Abstract

Endothelin-1 contracts porcine carotid arterial smooth muscle with an ED50 of 10 nM. Contraction is associated with phosphorylation of the 20,000 dalton-regulatory light chain subunits of vascular myosin. Phosphopeptide mapping of light chains isolated from 32PO4-loaded muscle strips stimulated by endothelin-1 (5 x 10(-8) M) and comparison with maps generated from light chains phosphorylated in vitro or muscles stimulated with KCl (110 mM) or angiotensin-II (5 x 10(-8) M) indicates that Ca2(+)-calmodulin activation of myosin light chain kinase is a biochemical pathway stimulated by all three agonists. However, a small amount of phosphate (17%) was detected in a light chain peptide phosphorylated by protein kinase C. Endothelin-1 also stimulated phosphorylation of the thin filament protein, caldesmon, (from 0.35 mol PO4/mol caldesmon to 0.52 mol PO4/mol).

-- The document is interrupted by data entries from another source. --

lemma graded_prime_ideal_colon:
  assumes P: "graded_prime_submodule Rg Mg smult P"
  shows "graded_prime_ideal Rg (colon smult P)"
proof -
  have sub: "add_subgroup P" and prime: "\<And>r m. r \<in> homog Rg \<Longrightarrow> m \<in> homog Mg \<Longrightarrow>
      smult r m \<in> P \<Longrightarrow> m \<in> P \<or> r \<in> colon smult P"
    using P by (auto simp: graded_prime_submodule_def graded_submodule_def is_submodule_def)
  have "b \<in> colon smult P" if a: "a \<in> homog Rg" and b: "b \<in> homog Rg"
    and ab: "a * b \<in> colon smult P" and na: "a \<notin> colon smult P" for a b
  proof -
    obtain m where m: "m \<in> homog Mg" "smult a m \<notin> P"
      using na by (auto simp: in_colon_iff_homog[OF sub])
    have "smult b (smult a m) \<in> P"
      using ab by (simp add: colon_def mult.commute)
    then show ?thesis
      using prime[OF b smult_homog[OF a m(1)]] m(2) by blast
  qed
  moreover have "1 \<notin> colon smult P"
    using P by (auto simp: colon_def graded_prime_submodule_def)
  ultimately show ?thesis
    using colon_graded_ideal P unfolding graded_prime_ideal_def graded_prime_submodule_def by blast
qed

lemma one_notin_Gr_colon:
  assumes "graded_submodule Mg smult Q" "Q \<noteq> UNIV"
  shows "1 \<notin> Gr Rg (colon smult Q)"
proof
  assume "1 \<in> Gr Rg (colon smult Q)"
  then have "1 \<in> colon smult Q"
    using homog_in_Gr_iff[OF zero_in_graded_ideal[OF colon_graded_ideal[OF assms(1)]] one_homog]
    by simp
  then show False
    using assms(2) by (auto simp: colon_def)
qed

Collectively, these results provide evidence that the effects of endothelin-1 on force generation and maintenance in vascular muscle may be dependent upon myosin light chain phosphorylation by Ca2+ calmodulin--requiring myosin light chain kinase and upon a thin filament mechanism that is modulated by phosphorylation of caldesmon.